Only lines holding "energy" are needed; copy each of them from the data below.

Source records
*-*-*

lemma sum_chi: "(\<Sum>x\<in>UNIV. chi a (x :: bit ^ 'n)) = (if a = 0 then real CARD(bit ^ 'n) else 0)"
proof (cases "a = 0")
  case False
  then obtain i where "a $ i = 1"
    by (auto simp: vec_eq_iff)
  then have "(\<Sum>j\<in>UNIV. a $ j * axis i 1 $ j) = 1"
    by (simp add: axis_def if_distrib cong: if_cong)
  then have flip: "chi a (axis i 1) = -1"
    by (simp add: chi_def)
  have "(\<Sum>x\<in>UNIV. chi a x) = (\<Sum>x\<in>UNIV. chi a (x + axis i 1))"
    by (rule sum_translate [symmetric])
  also have "\<dots> = - (\<Sum>x\<in>UNIV. chi a x)"
    by (simp add: chi_add flip sum_negf)
  finally show ?thesis
    using False by simp
qed simp

lemma sum_chi_mult_chi:
  "(\<Sum>x\<in>UNIV. chi a (x :: bit ^ 'n) * chi b x) = (if a = b then real CARD(bit ^ 'n) else 0)"
  by (simp add: chi_add_left [symmetric] sum_chi vec_bit_add_eq_0_iff)

lemma sum_square_chi_expansion:
  "(\<Sum>y\<in>UNIV. (\<Sum>a\<in>UNIV. c a * chi a (y :: bit ^ 'n))^2) = real CARD(bit ^ 'n) * (\<Sum>a\<in>UNIV. (c a)^2)"
proof -
  have "(\<Sum>y\<in>UNIV. (\<Sum>a\<in>UNIV. c a * chi a (y :: bit ^ 'n))^2)
      = (\<Sum>y\<in>UNIV. \<Sum>a\<in>UNIV. \<Sum>b\<in>UNIV. c a * c b * (chi a y * chi b y))"
    by (simp add: power2_eq_square sum_product algebra_simps)
  also have "\<dots> = (\<Sum>a\<in>UNIV. \<Sum>b\<in>UNIV. \<Sum>y\<in>UNIV. c a * c b * (chi a y * chi b y))"
    by (subst sum.swap) (rule sum.cong [OF refl], rule sum.swap)
  also have "\<dots> = real CARD(bit ^ 'n) * (\<Sum>a\<in>UNIV. (c a)^2)"
    by (simp add: sum_distrib_left [symmetric] sum_chi_mult_chi if_distrib power2_eq_square cong: if_cong)
       (simp add: sum_distrib_left mult_ac)
  finally show ?thesis .
qed

lemma fourier_inversion: "f z = (\<Sum>a\<in>UNIV. fourier f a * chi a (z :: bit ^ 'n))"
proof -
  have dual: "(\<Sum>a\<in>UNIV. chi a x * chi a z) = (if x = z then real CARD(bit ^ 'n) else 0)" for x
    by (simp only: chi_commute [of _ x] chi_commute [of _ z] sum_chi_mult_chi)
  have "(\<Sum>a\<in>UNIV. fourier f a * chi a z)
      = (\<Sum>a\<in>UNIV. \<Sum>x\<in>UNIV. f x * (chi a x * chi a z)) / real CARD(bit ^ 'n)"
    unfolding fourier_def expect_def
    by (simp add: sum_divide_distrib sum_distrib_right mult.assoc)
  also have "\<dots> = (\<Sum>x\<in>UNIV. f x * (\<Sum>a\<in>UNIV. chi a x * chi a z)) / real CARD(bit ^ 'n)"
    by (subst sum.swap) (simp add: sum_distrib_left)
  also have "\<dots> = f z"
    using card_vec_bit_pos [where 'n = 'n] by (simp add: dual if_distrib cong: if_cong)
  finally show ?thesis ..
qed

lemma parseval: "norm2sq (f :: bit ^ 'n \<Rightarrow> real) = (\<Sum>a\<in>UNIV. (fourier f a)^2)"
  unfolding norm2sq_def expect_def
  using card_vec_bit_pos [where 'n = 'n]
  by (subst fourier_inversion [of f]) (simp add: sum_square_chi_expansion)

section \<open>The error of a one-way protocol\<close>

lemma sum_square_deviation_ge:
  fixes g :: "'a \<Rightarrow> real"
  assumes "finite S" "S \<noteq> {}"
  shows "(\<Sum>x\<in>S. (g x)^2) - (\<Sum>x\<in>S. g x)^2 / real (card S) \<le> (\<Sum>x\<in>S. (b - g x)^2)"
proof -
  define k where "k = real (card S)"
  define G where "G = (\<Sum>x\<in>S. g x)"
  have k: "0 < k"
    using assms by (simp add: k_def card_gt_0_iff)
  have "(\<Sum>x\<in>S. (b - g x)^2) = k * b^2 - 2 * b * G + (\<Sum>x\<in>S. (g x)^2)"
    by (simp add: power2_diff sum.distrib sum_subtractf sum_distrib_left k_def G_def)
  moreover have "k * b^2 - 2 * b * G + G^2 / k = (k * b - G)^2 / k"
    using k by (simp add: field_simps power2_eq_square)
  moreover have "0 \<le> (k * b - G)^2 / k"
    using k by simp
  ultimately show ?thesis
    unfolding k_def [symmetric] G_def [symmetric] by linarith
qed

lemma sum_square_sum_translates:
  "(\<Sum>y\<in>UNIV. (\<Sum>x\<in>S. f (x + y))^2)
    = real CARD(bit ^ 'n) * (\<Sum>a\<in>UNIV. (fourier f a)^2 * (\<Sum>x\<in>S. chi a (x :: bit ^ 'n))^2)"
proof -
  have "(\<Sum>x\<in>S. f (x + y)) = (\<Sum>a\<in>UNIV. (fourier f a * (\<Sum>x\<in>S. chi a x)) * chi a y)" for y
  proof -
    have "(\<Sum>x\<in>S. f (x + y)) = (\<Sum>x\<in>S. \<Sum>a\<in>UNIV. fourier f a * chi a x * chi a y)"
      by (subst fourier_inversion [of f]) (simp add: chi_add mult.assoc)
    also have "\<dots> = (\<Sum>a\<in>UNIV. \<Sum>x\<in>S. fourier f a * chi a x * chi a y)"
      by (rule sum.swap)
    finally show ?thesis
      by (simp add: sum_distrib_left sum_distrib_right)
  qed
  then show ?thesis
    by (simp add: sum_square_chi_expansion power_mult_distrib)
qed

text \<open>\<open>protocol_weight M a = \<Sum>\<^sub>m Pr[M x = m] \<cdot> \<bbbE>[\<chi>\<^sub>a(x) | M x = m]\<^sup>2\<close>, the weight \<open>w(a)\<close> above.\<close>
definition protocol_weight :: "(bit ^ 'n \<Rightarrow> 'm) \<Rightarrow> bit ^ 'n \<Rightarrow> real" where
  "protocol_weight M a =
    (\<Sum>m\<in>range M. (\<Sum>x | M x = m. chi a x)^2 / (real CARD(bit ^ 'n) * real (card {x. M x = m})))"

lemma sum_square_fibre_sums:
  fixes M :: "bit ^ 'n \<Rightarrow> 'm" and f :: "bit ^ 'n \<Rightarrow> real"
  shows "(\<Sum>y\<in>UNIV. \<Sum>m\<in>range M. (\<Sum>x | M x = m. f (x + y))^2 / real (card {x. M x = m}))
      = real CARD(bit ^ 'n)^2 * (\<Sum>a\<in>UNIV. (fourier f a)^2 * protocol_weight M a)"
proof -
  let ?N = "real CARD(bit ^ 'n)"
  have N: "0 < ?N"
    using card_vec_bit_pos by simp
  have "(\<Sum>y\<in>UNIV. \<Sum>m\<in>range M. (\<Sum>x | M x = m. f (x + y))^2 / real (card {x. M x = m}))
      = (\<Sum>m\<in>range M. (\<Sum>y\<in>UNIV. (\<Sum>x | M x = m. f (x + y))^2) / real (card {x. M x = m}))"
    by (subst sum.swap) (simp add: sum_divide_distrib)
  also have "\<dots> = (\<Sum>m\<in>range M.
      ?N * (\<Sum>a\<in>UNIV. (fourier f a)^2 * (\<Sum>x | M x = m. chi a x)^2) / real (card {x. M x = m}))"
    by (simp only: sum_square_sum_translates)
  also have "\<dots> = (\<Sum>m\<in>range M. \<Sum>a\<in>UNIV.
      ?N^2 * ((fourier f a)^2 * ((\<Sum>x | M x = m. chi a x)^2 / (?N * real (card {x. M x = m})))))"
    using N by (simp add: sum_distrib_left sum_divide_distrib power2_eq_square field_simps)
  also have "\<dots> = ?N^2 * (\<Sum>a\<in>UNIV. (fourier f a)^2 * protocol_weight M a)"
    by (subst sum.swap) (simp add: protocol_weight_def sum_distrib_left)
  finally show ?thesis .
qed

lemma protocol_error_ge:
  fixes M :: "bit ^ 'n \<Rightarrow> 'm" and f :: "bit ^ 'n \<Rightarrow> real"
  shows "norm2sq f - (\<Sum>a\<in>UNIV. (fourier f a)^2 * protocol_weight M a)
    \<le> expect (\<lambda>x. expect (\<lambda>y. (B (M x) y - f (x + y))^2))"
proof -
  let ?N = "real CARD(bit ^ 'n)"
  have N: "0 < ?N"
    using card_vec_bit_pos by simp
  have fibres: "(\<Sum>x\<in>UNIV. h x) = (\<Sum>m\<in>range M. \<Sum>x | M x = m. h x)" for h :: "bit ^ 'n \<Rightarrow> real"
    using sum.image_gen [of "UNIV :: (bit ^ 'n) set" h M] by simp
  have energy: "(\<Sum>y\<in>UNIV. \<Sum>m\<in>range M. \<Sum>x | M x = m. (f (x + y))^2) = ?N^2 * norm2sq f"
  proof -
    have "(\<Sum>y\<in>UNIV. \<Sum>m\<in>range M. \<Sum>x | M x = m. (f (x + y))^2) = (\<Sum>y\<in>UNIV. \<Sum>x\<in>UNIV. (f (x + y))^2)"
      by (rule sum.cong [OF refl]) (simp only: fibres)
    also have "\<dots> = (\<Sum>y\<in>(UNIV :: (bit ^ 'n) set). \<Sum>x\<in>UNIV. (f x)^2)"
      by (rule sum.cong [OF refl], rule sum_translate)
    also have "\<dots> = ?N^2 * norm2sq f"
      using N by (simp add: norm2sq_def expect_def power2_eq_square)
    finally show ?thesis .
  qed
  have "?N^2 * (norm2sq f - (\<Sum>a\<in>UNIV. (fourier f a)^2 * protocol_weight M a))
      = (\<Sum>y\<in>UNIV. \<Sum>m\<in>range M. (\<Sum>x | M x = m. (f (x + y))^2)
          - (\<Sum>x | M x = m. f (x + y))^2 / real (card {x. M x = m}))"
    by (simp add: right_diff_distrib energy sum_square_fibre_sums sum_subtractf)
  also have "\<dots> \<le> (\<Sum>y\<in>UNIV. \<Sum>m\<in>range M. \<Sum>x | M x = m. (B m y - f (x + y))^2)"
    by (intro sum_mono sum_square_deviation_ge) auto
  also have "\<dots> = (\<Sum>y\<in>UNIV. \<Sum>x\<in>UNIV. (B (M x) y - f (x + y))^2)"
    by (rule sum.cong [OF refl], subst fibres, rule sum.cong [OF refl], rule sum.cong) auto
  also have "\<dots> = ?N^2 * expect (\<lambda>x. expect (\<lambda>y. (B (M x) y - f (x + y))^2))"
    using N by (subst sum.swap) (simp add: expect_def sum_divide_distrib [symmetric] power2_eq_square)
  finally show ?thesis
    using N by simp
qed

section \<open>Exponential moments of independent characters\<close>

lemma sinh_le_mult_cosh:
  fixes x :: real
  assumes "0 \<le> x"
  shows "sinh x \<le> x * cosh x"
proof -
  have deriv: "((\<lambda>t. t * cosh t - sinh t) has_real_derivative t * sinh t) (at t)" for t :: real
    by (rule derivative_eq_intros refl | simp)+
  have "0 \<le> t * sinh t" if "0 \<le> t" for t :: real
    using that by simp
  with deriv have "0 * cosh 0 - sinh (0 :: real) \<le> x * cosh x - sinh x"
    by (intro DERIV_nonneg_imp_nondecreasing [OF assms]) blast
  then show ?thesis
    by simp
qed

lemma ln_cosh_le:
  fixes x :: real
  assumes "0 \<le> x"
  shows "ln (cosh x) \<le> x^2 / 2"
proof -
  have deriv: "((\<lambda>t. t^2 / 2 - ln (cosh t)) has_real_derivative t - sinh t / cosh t) (at t)" for t :: real
    by (rule derivative_eq_intros refl | simp)+
  have "0 \<le> t - sinh t / cosh t" if "0 \<le> t" for t :: real
    using sinh_le_mult_cosh [OF that] by (simp add: divide_le_eq)
  with deriv have "0^2 / 2 - ln (cosh (0 :: real)) \<le> x^2 / 2 - ln (cosh x)"
    by (intro DERIV_nonneg_imp_nondecreasing [OF assms]) blast
  then show ?thesis
    by simp
qed

lemma cosh_le_exp_half_square: "cosh (x :: real) \<le> exp (x^2 / 2)"
proof -
  have "ln (cosh x) \<le> x^2 / 2"
    using ln_cosh_le [of "\<bar>x\<bar>"] by simp
  then show ?thesis
    by (metis cosh_real_pos exp_le_cancel_iff exp_ln)
qed

lemma card_mult_exp_mean_le_sum_exp:
  fixes g :: "'a \<Rightarrow> real"
  assumes "finite S"
  shows "real (card S) * exp ((\<Sum>x\<in>S. g x) / real (card S)) \<le> (\<Sum>x\<in>S. exp (g x))"
proof -
  define \<mu> where "\<mu> = (\<Sum>x\<in>S. g x) / real (card S)"
  have "exp \<mu> * (1 + (g x - \<mu>)) \<le> exp \<mu> * exp (g x - \<mu>)" for x
    by (intro mult_left_mono exp_ge_add_one_self) simp
  then have "exp \<mu> * (1 + (g x - \<mu>)) \<le> exp (g x)" for x
    by (simp add: exp_diff)
  then have "(\<Sum>x\<in>S. exp \<mu> * (1 + (g x - \<mu>))) \<le> (\<Sum>x\<in>S. exp (g x))"
    by (rule sum_mono)
  moreover have "(\<Sum>x\<in>S. exp \<mu> * (1 + (g x - \<mu>))) = real (card S) * exp \<mu>"
    using assms by (cases "S = {}") (simp_all add: \<mu>_def sum_distrib_left [symmetric] sum.distrib sum_subtractf)
  ultimately show ?thesis
    by (simp add: \<mu>_def)
qed

lemma sum_independent_neq_0:
  fixes T :: "(bit ^ 'n) set"
  assumes "vec.independent I" "T \<subseteq> I" "T \<noteq> {}"
  shows "(\<Sum>a\<in>T. a) \<noteq> 0"
proof
  assume "(\<Sum>a\<in>T. a) = 0"
  then have "vec.dependent T"
    using assms(3) by (auto simp: vec.dependent_finite intro!: exI [of _ "\<lambda>_. 1"])
  then show False
    using assms(1,2) vec.dependent_mono by blast
qed

lemma exp_mult_chi: "exp (b * chi a x) = cosh b + chi a x * sinh b"
  by (cases "chi a x = 1") (auto simp: chi_def cosh_plus_sinh [symmetric] cosh_minus_sinh [symmetric])

lemma sum_exp_independent_chi:
  fixes I :: "(bit ^ 'n) set"
  assumes "vec.independent I"
  shows "(\<Sum>x\<in>UNIV. exp (\<Sum>a\<in>I. b a * chi a x)) = real CARD(bit ^ 'n) * (\<Prod>a\<in>I. cosh (b a))"
proof -
  let ?term = "\<lambda>T. (\<Prod>a\<in>T. sinh (b a)) * (\<Prod>a\<in>I - T. cosh (b a))"
  have "(\<Sum>x\<in>UNIV. exp (\<Sum>a\<in>I. b a * chi a x)) = (\<Sum>x\<in>UNIV. \<Prod>a\<in>I. chi a x * sinh (b a) + cosh (b a))"
    by (simp add: exp_sum exp_mult_chi add.commute)
  also have "\<dots> = (\<Sum>x\<in>UNIV. \<Sum>T\<in>Pow I. chi (\<Sum>a\<in>T. a) x * ?term T)"
    by (simp add: prod_add prod.distrib chi_sum_left mult.assoc)
  also have "\<dots> = (\<Sum>T\<in>Pow I. (\<Sum>x\<in>UNIV. chi (\<Sum>a\<in>T. a) x) * ?term T)"
    by (subst sum.swap) (simp add: sum_distrib_right)
  also have "\<dots> = (\<Sum>T\<in>Pow I. if T = {} then real CARD(bit ^ 'n) * ?term T else 0)"
    using sum_independent_neq_0 [OF assms] by (intro sum.cong refl) (auto simp: sum_chi)
  also have "\<dots> = real CARD(bit ^ 'n) * (\<Prod>a\<in>I. cosh (b a))"
    by (subst sum.delta) auto
  finally show ?thesis .
qed

lemma sum_exp_independent_chi_le:
  fixes I :: "(bit ^ 'n) set"
  assumes "vec.independent I"
  shows "(\<Sum>x\<in>UNIV. exp (\<Sum>a\<in>I. b a * chi a x)) \<le> real CARD(bit ^ 'n) * exp ((\<Sum>a\<in>I. (b a)^2) / 2)"
proof -
  have "(\<Prod>a\<in>I. cosh (b a)) \<le> (\<Prod>a\<in>I. exp ((b a)^2 / 2))"
    by (intro prod_mono conjI cosh_le_exp_half_square) (auto intro: order.trans [OF zero_le_one cosh_real_ge_1])
  also have "\<dots> = exp ((\<Sum>a\<in>I. (b a)^2) / 2)"
    by (simp add: exp_sum sum_divide_distrib)
  finally show ?thesis
    unfolding sum_exp_independent_chi [OF assms] by simp
qed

*-*-*

Task solution
  have energy: "(\<Sum>y\<in>UNIV. \<Sum>m\<in>range M. \<Sum>x | M x = m. (f (x + y))^2) = ?N^2 * norm2sq f"
    by (simp add: right_diff_distrib energy sum_square_fibre_sums sum_subtractf)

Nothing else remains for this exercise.